Tuesday 18 March 2008

Dara O'Briain - Edinburgh Playhouse - 09/03/2008

Comedy, I’ve always felt, works best in small packed clubs, with a low ceiling and a busy bar and a general buzz about the atmosphere. Move it to the wide open expanses of a three tiered theatre with the audience sitting in uniform rows, and it’s a rare comedian who can make the experience seem as intimate and personal. Dara O’Briain is one of that rare breed.

His is a rise to the top that took me rather by surprise. Living in Ireland, as I did, for four years, I first encountered him as the presenter of the RTE topical entertainment show The Panel, at which time his name would have meant nothing to most people on this side of the Irish Sea. But a couple of appearances guest-presenting HIGNFY changed all that, and suddenly he was a household name with his own BBC panel show and a thriving career, and now, just a few years later, not only is he selling out huge theatre tours, but people are even starting to learn how to pronounce his surname properly.

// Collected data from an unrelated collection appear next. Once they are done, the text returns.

(* Let $\mathcal X$ be a barreled topological real vector space, $\sigma$ a symplectic form on $\mathcal X$, $\mathcal X_{\rm bulk}\subset\mathcal X$ a linear subspace, $\mathcal X_{\rm bd}$ a topological real vector space, and $\partial:\mathcal X_{\rm bulk}'\to\mathcal X_{\rm bd}'$ a linear map whose restriction to $\mathcal X'$ is continuous $\mathcal X'\to\mathcal X_{\rm bd}'$. Let $\eta$ be a strictly positive symmetric bilinear form on $\mathcal X$ with $|v_1\cdot\sigma v_2|\le (v_1\cdot\eta v_1)^{1/2}(v_2\cdot\eta v_2)^{1/2}$, such that $\eta:\mathcal X\to\mathcal X'$ is continuous, and such that for every $u\in\mathcal X'$, $\partial u=0$ implies that $u$ vanishes on $\mathcal X_{\rm bulk}$. With $\mathcal X^{\rm cpl},\sigma^{\rm cpl},\mathfrak A_{\rm bulk}=\mathrm{CCR}(\mathcal X_{\rm bulk}^{\rm cl},\sigma^{\rm cpl})$ and $\mathfrak A_{\rm bd}=\mathrm{CCR}\big((\{\partial'f:f\in\mathcal X_{\rm bd}\})^{\rm cl},\sigma^{\rm cpl}\big)$ as in the context, let $\pi$ be any representation of $\mathrm{CCR}(\mathcal X^{\rm cpl},\sigma^{\rm cpl})$ on a Hilbert space (not necessarily related to $\eta$). Then 1. $\pi(\mathfrak A_{\rm bulk})\subset\pi(\mathfrak A_{\rm bd})$ and $\pi(\mathfrak A_{\rm bulk})''\subset\pi(\mathfrak A_{\rm bd})''$ (double commutants); 2. every vector which is cyclic for $\pi(\mathfrak A_{\rm bulk})$ is also cyclic for $\pi(\mathfrak A_{\rm bd})$.
   Context: Duals carry the weak$^*$ topology. $\mathcal X^{\rm cpl}$ is the real Hilbert space completion of $\mathcal X$ with respect to the inner product $\eta$, with extended inner product $\eta^{\rm cpl}$, and $\sigma^{\rm cpl}$ is the continuous extension of $\sigma$; closures are in $\mathcal X^{\rm cpl}$. For $\tilde u\in\mathcal X^{\rm cpl}$, $\eta^{\rm cpl}\tilde u\in\mathcal X'$ is $v\mapsto(v\cdot\eta^{\rm cpl}\tilde u)$, and for $f\in\mathcal X_{\rm bd}$, $\partial'f\in\mathcal X^{\rm cpl}$ is the unique element with $(\partial'f\cdot\eta^{\rm cpl}\tilde u)=(\partial(\eta^{\rm cpl}\tilde u))(f)$ for all $\tilde u$. $\mathrm{CCR}(\mathcal Y,\sigma)$ denotes the Weyl CCR $C^*$-algebra generated by $W(v)$, $v\in\mathcal Y$, with $W(v_1)W(v_2)=e^{-\frac i2 v_1\cdot\sigma v_2}W(v_1+v_2)$, $W(v)^*=W(-v)$, $W(0)=1$; for a subspace it means the generated $C^*$-subalgebra. *)

theory Defs
  imports "HOL-Analysis.Analysis"
begin

definition tvs :: "'a::{real_vector,topological_space} itself \<Rightarrow> bool" where
  "tvs _ \<longleftrightarrow>
     continuous_on UNIV (\<lambda>p::'a \<times> 'a. fst p + snd p) \<and>
     continuous_on UNIV (\<lambda>p::real \<times> 'a. fst p *\<^sub>R snd p)"

definition barrel :: "'a::{real_vector,topological_space} set \<Rightarrow> bool" where
  "barrel B \<longleftrightarrow> closed B \<and> convex B \<and>
     (\<forall>x\<in>B. \<forall>c::real. \<bar>c\<bar> \<le> 1 \<longrightarrow> c *\<^sub>R x \<in> B) \<and>
     (\<forall>x. \<exists>r>0. \<forall>c::real. \<bar>c\<bar> \<le> r \<longrightarrow> c *\<^sub>R x \<in> B)"

definition barreled :: "'a::{real_vector,topological_space} itself \<Rightarrow> bool" where
  "barreled T \<longleftrightarrow> tvs T \<and>
     (\<forall>B::'a set. barrel B \<longrightarrow> (\<exists>U. open U \<and> 0 \<in> U \<and> U \<subseteq> B))"

text \<open>Continuous linear functionals on a linear subspace S (subspace topology),
  normalised to vanish outside S.  cdual UNIV is the topological dual.\<close>
definition cdual :: "'a::{real_vector,topological_space} set \<Rightarrow> ('a \<Rightarrow> real) set" where
  "cdual S = {u. (\<forall>x\<in>S. \<forall>y\<in>S. \<forall>a b. u (a *\<^sub>R x + b *\<^sub>R y) = a * u x + b * u y) \<and>
                 continuous_on S u \<and> (\<forall>x. x \<notin> S \<longrightarrow> u x = 0)}"

definition weak_star :: "('a \<Rightarrow> real) set \<Rightarrow> ('a \<Rightarrow> real) topology" where
  "weak_star D = subtopology (product_topology (\<lambda>_. euclideanreal) UNIV) D"

definition restr :: "'a set \<Rightarrow> ('a \<Rightarrow> real) \<Rightarrow> ('a \<Rightarrow> real)" where
  "restr S u = (\<lambda>x. if x \<in> S then u x else 0)"

definition symplectic_form :: "('a::real_vector \<Rightarrow> 'a \<Rightarrow> real) \<Rightarrow> bool" where
  "symplectic_form \<sigma> \<longleftrightarrow>
     (\<forall>w. linear (\<lambda>v. \<sigma> v w)) \<and> (\<forall>v. linear (\<sigma> v)) \<and>
     (\<forall>v w. \<sigma> v w = - \<sigma> w v) \<and>
     (\<forall>v. (\<forall>w. \<sigma> v w = 0) \<longrightarrow> v = 0)"

definition strictly_pos_sym_form :: "('a::real_vector \<Rightarrow> 'a \<Rightarrow> real) \<Rightarrow> bool" where
  "strictly_pos_sym_form \<eta> \<longleftrightarrow>
     (\<forall>w. linear (\<lambda>v. \<eta> v w)) \<and> (\<forall>v. linear (\<eta> v)) \<and>
     (\<forall>v w. \<eta> v w = \<eta> w v) \<and> (\<forall>v. v \<noteq> 0 \<longrightarrow> \<eta> v v > 0)"

definition is_completion :: "('a::real_vector \<Rightarrow> 'a \<Rightarrow> real) \<Rightarrow> ('a \<Rightarrow> 'h::{real_inner,complete_space}) \<Rightarrow> bool" where
  "is_completion \<eta> j \<longleftrightarrow> linear j \<and> (\<forall>v w. \<eta> v w = inner (j v) (j w)) \<and> closure (range j) = UNIV"

text \<open>\<partial>'f \<in> X^cpl, characterised by (\<partial>'f . \<eta>^cpl u) = (\<partial>(\<eta>^cpl u))(f)\<close>
definition bdry_dual ::
  "('a \<Rightarrow> 'h::real_inner) \<Rightarrow> 'a set \<Rightarrow> (('a \<Rightarrow> real) \<Rightarrow> ('b \<Rightarrow> real)) \<Rightarrow> 'b \<Rightarrow> 'h" where
  "bdry_dual j Xb bd f = (THE p. \<forall>u. inner p u = bd (restr Xb (\<lambda>v. inner (j v) u)) f)"

definition complex_structure :: "('k::real_inner \<Rightarrow>\<^sub>L 'k) \<Rightarrow> bool" where
  "complex_structure J \<longleftrightarrow> (\<forall>x. J (J x) = - x) \<and> (\<forall>x y. inner (J x) (J y) = inner x y)"

definition cops :: "('k::real_inner \<Rightarrow>\<^sub>L 'k) \<Rightarrow> ('k \<Rightarrow>\<^sub>L 'k) set" where
  "cops J = {T. T o\<^sub>L J = J o\<^sub>L T}"

definition is_adjoint :: "('k::real_inner \<Rightarrow>\<^sub>L 'k) \<Rightarrow> ('k \<Rightarrow>\<^sub>L 'k) \<Rightarrow> bool" where
  "is_adjoint T S \<longleftrightarrow> (\<forall>x y. inner (T x) y = inner x (S y))"

definition cstar_gen :: "('k::real_inner \<Rightarrow>\<^sub>L 'k) \<Rightarrow> ('k \<Rightarrow>\<^sub>L 'k) set \<Rightarrow> ('k \<Rightarrow>\<^sub>L 'k) set" where
  "cstar_gen J S = \<Inter>{A. S \<subseteq> A \<and> A \<subseteq> cops J \<and> closed A \<and>
       (\<forall>T\<in>A. \<forall>T'\<in>A. T + T' \<in> A \<and> T o\<^sub>L T' \<in> A) \<and>
       (\<forall>T\<in>A. \<forall>c::real. c *\<^sub>R T \<in> A \<and> J o\<^sub>L T \<in> A) \<and>
       (\<forall>T\<in>A. \<exists>T'\<in>A. is_adjoint T T')}"

definition commutant :: "('k::real_inner \<Rightarrow>\<^sub>L 'k) \<Rightarrow> ('k \<Rightarrow>\<^sub>L 'k) set \<Rightarrow> ('k \<Rightarrow>\<^sub>L 'k) set" where
  "commutant J S = {T \<in> cops J. \<forall>A\<in>S. T o\<^sub>L A = A o\<^sub>L T}"

definition cyclic_vector :: "('k::real_normed_vector \<Rightarrow>\<^sub>L 'k) set \<Rightarrow> 'k \<Rightarrow> bool" where
  "cyclic_vector A \<xi> \<longleftrightarrow> closure ((\<lambda>T. blinfun_apply T \<xi>) ` A) = UNIV"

What makes O’Briain a great stand-up is the same quality that makes him a great topical TV show presenter, it’s his quickness of brain which allows him to probe any topic thrown at him and quickly find the funny within. He has also been blessed with a physical form which might be a disadvantage in any other line of work, but part of what makes him so funny is that his material consists of the last things you would expect to emerge from a prematurely balding six feet four walking giant with the grace and stylish appearance of an assistant bank manager.

Of course, he has also been blessed with that other great comedy attribute of his race, the lilting east-coast Irish accent that can take even the foulest obscenity and make it sound like poetry in your ears. Ireland has always punched above its weight in comedy terms, and Dara makes a fine continuation of that tradition.

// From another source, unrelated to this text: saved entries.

text \<open>The total energy E (kinetic plus bond potential) is non-increasing along the flow:
pairing the force exerted by j on i with the one exerted by i on j turns dE/dt into
minus a sum of squares, and the bonding term cancels exactly against the derivative
of the potential. Hence E(t) \<le> E(0), which bounds every speed by sqrt(2 E(0)) and
every weighted bond defect k2 |\<parallel>x_j - x_i\<parallel> - d_ij| by sqrt(4 N k2 E(0)).
Since \<psi> is bounded, the accelerations are then uniformly bounded, and so is the
derivative 2 <v_i - v_j, a_i - a_j> of \<parallel>v_i - v_j\<parallel>^2, which is therefore
Lipschitz and in particular uniformly continuous on [0, \<infinity>).\<close>

lemma has_real_derivative_norm_power2:
  assumes "(f has_vector_derivative f') (at t within S)"
  shows "((\<lambda>s. (norm (f s))\<^sup>2) has_real_derivative 2 * inner (f t) f') (at t within S)"
  using bounded_bilinear.has_vector_derivative[OF bounded_bilinear_inner assms assms]
  by (simp add: has_real_derivative_iff_has_vector_derivative power2_norm_eq_inner inner_commute)

lemma has_real_derivative_norm:
  assumes "(f has_vector_derivative f') (at t within S)" and "f t \<noteq> 0"
  shows "((\<lambda>s. norm (f s)) has_real_derivative inner f' (sgn (f t))) (at t within S)"
  using has_derivative_compose[OF assms(1)[unfolded has_vector_derivative_def]
      has_derivative_norm[OF assms(2)]]
  unfolding has_field_derivative_def
  by (rule has_derivative_eq_rhs) (simp_all add: fun_eq_iff)

lemma has_real_derivative_nonpos_imp_le:
  fixes f :: "real \<Rightarrow> real"
  assumes "\<And>s. a \<le> s \<Longrightarrow> (f has_real_derivative f' s) (at s within {a..})"
    and "\<And>s. a \<le> s \<Longrightarrow> f' s \<le> 0" and "a \<le> t"
  shows "f t \<le> f a"
proof -
  have "(f has_derivative (\<lambda>h. f' s * h)) (at s within {a..t})" if "a \<le> s" for s
    using DERIV_subset[OF assms(1)[OF that], of "{a..t}"] by (auto simp: has_field_derivative_def)
  then obtain s where "s \<in> {a..t}" "f t - f a = f' s * (t - a)"
    using mvt_very_simple[OF \<open>a \<le> t\<close>, of f "\<lambda>s h. f' s * h"] by auto
  moreover have "f' s * (t - a) \<le> 0"
    using assms(2) \<open>s \<in> {a..t}\<close> by (simp add: mult_nonpos_nonneg)
  ultimately show ?thesis
    by simp
qed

He tells the audience that he considered naming the show “You Had To Be There,” as a reference to those moments of hilarity in life that suffer in the re-telling. The idea being that unlike going to see a movie, every night of a comedy show is unique and, if the comedian is good enough and allows it to progress naturally, will go off in its own never-to-be-repeated directions.

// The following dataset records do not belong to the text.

lemma stationary_level_lower_bracket:
  fixes \<mu> \<beta> s :: real and \<nu> :: "nat \<Rightarrow> real"
  assumes "0 < \<mu>" "0 < \<beta>" "0 \<le> s" "1 \<le> w"
    and antimono: "\<And>i j. 1 \<le> i \<Longrightarrow> i \<le> j \<Longrightarrow> j \<le> w \<Longrightarrow> \<nu> j \<le> \<nu> i"
  shows "\<exists>z. 0 < pos_part_sum w \<nu> z \<and> \<mu> * z \<le> U' \<beta> s (pos_part_sum w \<nu> z)"
proof -
  define M where "M = 1 + \<bar>\<nu> 1\<bar>"
  define \<epsilon> where "\<epsilon> = min 1 (\<beta> / (real w * \<mu> * M))"
  define z where "z = - \<nu> 1 + \<epsilon>"
  have "0 < M" "0 < real w" using assms(4) unfolding M_def by auto
  hence "0 < \<epsilon>" "\<epsilon> \<le> 1" "\<epsilon> * (real w * \<mu> * M) \<le> \<beta>"
    using assms(1,2) unfolding \<epsilon>_def by (auto simp: min_def field_simps)
  have pos: "0 < pos_part_sum w \<nu> z"
    using pos_part_sum_ge_first[OF assms(4), where \<nu>=\<nu> and z=z] \<open>0 < \<epsilon>\<close> unfolding z_def by simp
  have "pos_part_sum w \<nu> z \<le> real w * max 0 (\<nu> 1 + z)"
    using antimono by (rule pos_part_sum_le_first)
  also have "\<dots> = real w * \<epsilon>" using \<open>0 < \<epsilon>\<close> unfolding z_def by simp
  finally have "pos_part_sum w \<nu> z \<le> real w * \<epsilon>" .
  \<comment> \<open>\<open>h z \<le> w \<epsilon>\<close> is small, so \<open>U'(h z) \<ge> \<beta>/(w \<epsilon>) \<ge> \<mu> M \<ge> \<mu> z\<close>\<close>
  hence "U' \<beta> s (real w * \<epsilon>) \<le> U' \<beta> s (pos_part_sum w \<nu> z)"
    using U'_antimono pos assms by simp
  moreover have "\<beta> / (real w * \<epsilon>) \<le> U' \<beta> s (real w * \<epsilon>)" unfolding U'_def using assms(3) by simp
  moreover have "\<mu> * M \<le> \<beta> / (real w * \<epsilon>)"
    using \<open>\<epsilon> * (real w * \<mu> * M) \<le> \<beta>\<close> \<open>0 < \<epsilon>\<close> \<open>0 < real w\<close> by (simp add: field_simps)
  moreover have "\<mu> * z \<le> \<mu> * M"
    using assms(1) \<open>\<epsilon> \<le> 1\<close> unfolding z_def M_def by simp
  ultimately show ?thesis using pos by force
qed

lemma stationary_level_upper_bracket:
  fixes \<mu> \<beta> s :: real
  assumes "0 < \<mu>" "0 \<le> \<beta>" "0 \<le> s" "1 \<le> w"
  shows "\<exists>z\<ge>z\<^sub>0. U' \<beta> s (pos_part_sum w \<nu> z) \<le> \<mu> * z"
proof -
  define R where "R = max (max 1 (2 * \<bar>\<nu> 1\<bar>)) (2 * (\<beta> + s) / \<mu>)"
  define z where "z = max z\<^sub>0 (- \<nu> 1 + R)"
  have "1 \<le> R" unfolding R_def by simp
  have "R \<le> pos_part_sum w \<nu> z"
    using pos_part_sum_ge_first[OF assms(4), where \<nu>=\<nu> and z=z] unfolding z_def by simp
  hence "U' \<beta> s (pos_part_sum w \<nu> z) \<le> U' \<beta> s R"
    using U'_antimono[of \<beta> s R] \<open>1 \<le> R\<close> assms by simp
  also have "\<dots> \<le> \<beta> + s" using U'_le_of_ge_one \<open>1 \<le> R\<close> assms by simp
  also have "\<beta> + s \<le> \<mu> * (R / 2)"
  proof -
    have "2 * (\<beta> + s) / \<mu> \<le> R" unfolding R_def by simp
    thus ?thesis using assms(1) by (simp add: field_simps)
  qed
  also have "\<dots> \<le> \<mu> * z"
  proof -
    have "2 * \<bar>\<nu> 1\<bar> \<le> R" unfolding R_def by simp
    hence "R / 2 \<le> z" unfolding z_def by linarith
    thus ?thesis using assms(1) by simp
  qed
  finally show ?thesis by (intro exI[of _ z]) (simp add: z_def)
qed

lemma stationary_level_exists:
  fixes \<mu> \<beta> s :: real
  assumes "0 < \<mu>" "0 < \<beta>" "0 \<le> s" "1 \<le> w"
    and antimono: "\<And>i j. 1 \<le> i \<Longrightarrow> i \<le> j \<Longrightarrow> j \<le> w \<Longrightarrow> \<nu> j \<le> \<nu> i"
  shows "\<exists>\<zeta>. 0 < pos_part_sum w \<nu> \<zeta> \<and> \<mu> * \<zeta> = U' \<beta> s (pos_part_sum w \<nu> \<zeta>)"
proof -
  let ?h = "pos_part_sum w \<nu>"
  define \<phi> where "\<phi> z = \<mu> * z - U' \<beta> s (?h z)" for z
  obtain z\<^sub>1 where pos: "0 < ?h z\<^sub>1" and "\<phi> z\<^sub>1 \<le> 0"
    using stationary_level_lower_bracket[of \<mu> \<beta> s w \<nu>] assms unfolding \<phi>_def by auto
  obtain z\<^sub>2 where "z\<^sub>1 \<le> z\<^sub>2" and "0 \<le> \<phi> z\<^sub>2"
    using stationary_level_upper_bracket[of \<mu> \<beta> s w z\<^sub>1 \<nu>] assms unfolding \<phi>_def by auto
  have pos_between: "0 < ?h z" if "z\<^sub>1 \<le> z" for z
    using pos pos_part_sum_mono[OF that, of w \<nu>] by simp
  have "continuous_on {z\<^sub>1..z\<^sub>2} \<phi>"
    unfolding \<phi>_def U'_def using pos_between
    by (intro continuous_intros continuous_on_pos_part_sum) force+
  then obtain \<zeta> where "z\<^sub>1 \<le> \<zeta>" "\<phi> \<zeta> = 0"
    using IVT'[of \<phi> z\<^sub>1 0 z\<^sub>2] \<open>\<phi> z\<^sub>1 \<le> 0\<close> \<open>0 \<le> \<phi> z\<^sub>2\<close> \<open>z\<^sub>1 \<le> z\<^sub>2\<close> by auto
  thus ?thesis using pos_between unfolding \<phi>_def by auto
qed

lemma is_minimizer_at_stationary_level:
  fixes \<mu> \<beta> s \<zeta> :: real and \<nu> :: "nat \<Rightarrow> real"
  assumes "w \<le> P" "0 < \<mu>" "0 \<le> \<beta>" "0 \<le> s"
    and antimono: "\<And>i j. 1 \<le> i \<Longrightarrow> i \<le> j \<Longrightarrow> j \<le> P \<Longrightarrow> \<nu> j \<le> \<nu> i"
    and pos: "0 < pos_part_sum w \<nu> \<zeta>"
    and stationary: "\<mu> * \<zeta> = U' \<beta> s (pos_part_sum w \<nu> \<zeta>)"
  shows "is_minimizer \<beta> s \<mu> P w \<nu> (\<lambda>i. if i \<le> w then max 0 (\<nu> i + \<zeta>) else 0)"
proof -
  define x where "x = (\<lambda>i. if i \<le> w then max 0 (\<nu> i + \<zeta>) else (0::real))"
  let ?h = "pos_part_sum w \<nu> \<zeta>"
  let ?D = "\<lambda>y. \<Sum>i=1..P. (y i - \<nu> i)^2"
  have "(\<Sum>i=1..P. x i) = (\<Sum>i\<in>{i\<in>{1..P}. i \<le> w}. max 0 (\<nu> i + \<zeta>))"
    unfolding x_def by (rule sum.inter_filter[symmetric]) simp
  also have "{i\<in>{1..P}. i \<le> w} = {1..w}" using assms(1) by auto
  finally have sum_x: "(\<Sum>i=1..P. x i) = ?h" unfolding pos_part_sum_def .
  have "card {i\<in>{1..P}. x i \<noteq> 0} \<le> card {1..w}"
    by (rule card_mono) (auto simp: x_def)
  hence feasible_x: "feasible P w x" unfolding feasible_def x_def by auto
  have "obj \<beta> s \<mu> P \<nu> x \<le> obj \<beta> s \<mu> P \<nu> y" if feasible_y: "feasible P w y" for y
  proof (cases "(\<Sum>i=1..P. y i) \<le> 0")
    case True
    thus ?thesis unfolding obj_def by simp
  next
    case False
    define S where "S = (\<Sum>i=1..P. y i)"
    have tangent: "- U \<beta> s ?h - \<mu> * \<zeta> * (S - ?h) \<le> - U \<beta> s S"
      using U_le_tangent[of \<beta> s S ?h] assms(3,4) pos stationary False unfolding S_def by simp
    have "(\<Sum>i=1..P. (x i - (\<nu> i + \<zeta>))^2) \<le> (\<Sum>i=1..P. (y i - (\<nu> i + \<zeta>))^2)"
      unfolding x_def
      using sparse_nonneg_projection[OF assms(1) feasible_y, of "\<lambda>i. \<nu> i + \<zeta>"] antimono by simp
    hence "?D x - 2 * \<zeta> * ?h \<le> ?D y - 2 * \<zeta> * S"
      using sum_power2_diff_shift[of x \<nu> \<zeta>] sum_power2_diff_shift[of y \<nu> \<zeta>] sum_x
      unfolding S_def by simp
    hence "\<mu> / 2 * ?D x - \<mu> * \<zeta> * ?h \<le> \<mu> / 2 * ?D y - \<mu> * \<zeta> * S"
      using mult_left_mono[of _ _ "\<mu> / 2"] assms(2) by (fastforce simp: algebra_simps)
    hence "- U \<beta> s ?h + \<mu> / 2 * ?D x \<le> - U \<beta> s S + \<mu> / 2 * ?D y"
      using tangent by (simp add: algebra_simps)
    thus ?thesis unfolding obj_def using sum_x pos False S_def by simp
  qed
  thus ?thesis using feasible_x unfolding is_minimizer_def x_def by blast
qed

lemma idx_cond_iff_inactive:
  fixes \<mu> \<beta> s \<zeta> :: real and \<nu> :: "nat \<Rightarrow> real"
  assumes "0 < \<mu>" "0 \<le> \<beta>" "0 \<le> s" "0 < \<zeta>"
    and pos: "0 < pos_part_sum w \<nu> \<zeta>"
    and stationary: "\<mu> * \<zeta> = U' \<beta> s (pos_part_sum w \<nu> \<zeta>)"
  shows "idx_cond \<beta> s \<mu> w \<nu> i \<longleftrightarrow> \<nu> i + \<zeta> \<le> 0"
proof
  assume "idx_cond \<beta> s \<mu> w \<nu> i"
  hence cond: "0 < pos_part_sum w \<nu> (- \<nu> i)" "U' \<beta> s (pos_part_sum w \<nu> (- \<nu> i)) \<le> \<mu> * (- \<nu> i)"
    unfolding idx_cond_def Let_def pos_part_sum_def by auto
  show "\<nu> i + \<zeta> \<le> 0"
  proof (rule ccontr)
    assume "\<not> \<nu> i + \<zeta> \<le> 0"
    hence "- \<nu> i < \<zeta>" by simp
    hence "U' \<beta> s (pos_part_sum w \<nu> \<zeta>) \<le> U' \<beta> s (pos_part_sum w \<nu> (- \<nu> i))"
      using U'_antimono pos_part_sum_mono cond(1) assms(2,3) by (simp add: less_imp_le)
    moreover have "\<mu> * (- \<nu> i) < \<mu> * \<zeta>" using \<open>- \<nu> i < \<zeta>\<close> assms(1) by (rule mult_strict_left_mono)
    ultimately show False using cond(2) stationary by simp
  qed
next
  assume "\<nu> i + \<zeta> \<le> 0"
  hence le: "pos_part_sum w \<nu> \<zeta> \<le> pos_part_sum w \<nu> (- \<nu> i)"
    by (intro pos_part_sum_mono) simp
  hence "U' \<beta> s (pos_part_sum w \<nu> (- \<nu> i)) \<le> \<mu> * \<zeta>"
    using U'_antimono pos assms(2,3) stationary by simp
  also have "\<mu> * \<zeta> \<le> \<mu> * (- \<nu> i)"
    using \<open>\<nu> i + \<zeta> \<le> 0\<close> assms(1) by (intro mult_left_mono) auto
  finally show "idx_cond \<beta> s \<mu> w \<nu> i"
    using le pos assms(4) \<open>\<nu> i + \<zeta> \<le> 0\<close>
    unfolding idx_cond_def Let_def pos_part_sum_def by auto
qed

And that’s exactly what happens. There is a clear structure to the show, and a number of obviously well-rehearsed routines, laying into homeopaths and nutritionists as being no better than witch doctors, or discussing why obviously one-sided issues on news programmes are forced to show the other side for “balance.” A lengthy routine about boat tours visiting the homes of the rich and famous in Florida, and the excitement of the famous being counteracted by the disappointment at the merely rich, ends in a gloriously surreal moment after which you will never be able to hear “The Rhythm Is Gonna Get You” and think of Gloria Estefan in quite the same way again.

But these are enhanced by the often inspired rants prompted by his randomly chosen audience victims, on this night a hospitality management teacher, a have-a-go anti bicycle-theft warrior and a man who manages the electrical and entertainment department at Tesco. All are deftly dealt with in a manner which is mocking but never crosses the line into causing offence.

O’Briain’s rise to the top of the tree may have been comparatively swift, but one cannot imagine him taking the Russell Brand, Eddie Izzard, Lee Evans route of Hollywood glitz and glamour. He is too much of a down-to-earth guy, his feet are too firmly fixed on the ground. And that’s good news for us, because it means we can look forward to seeing him making these same packed houses laugh like eejits for many years to come.

1 comment:

Ben said...

First saw him (I think) one Sunday during Ross Noble's six night stand as compere at Just The Tonic in Nottingham - must have been 2002 or 2003, I guess. A very, very funny man - mainly because, as you say, he's so sharp. Give him an inch and that's all he needs.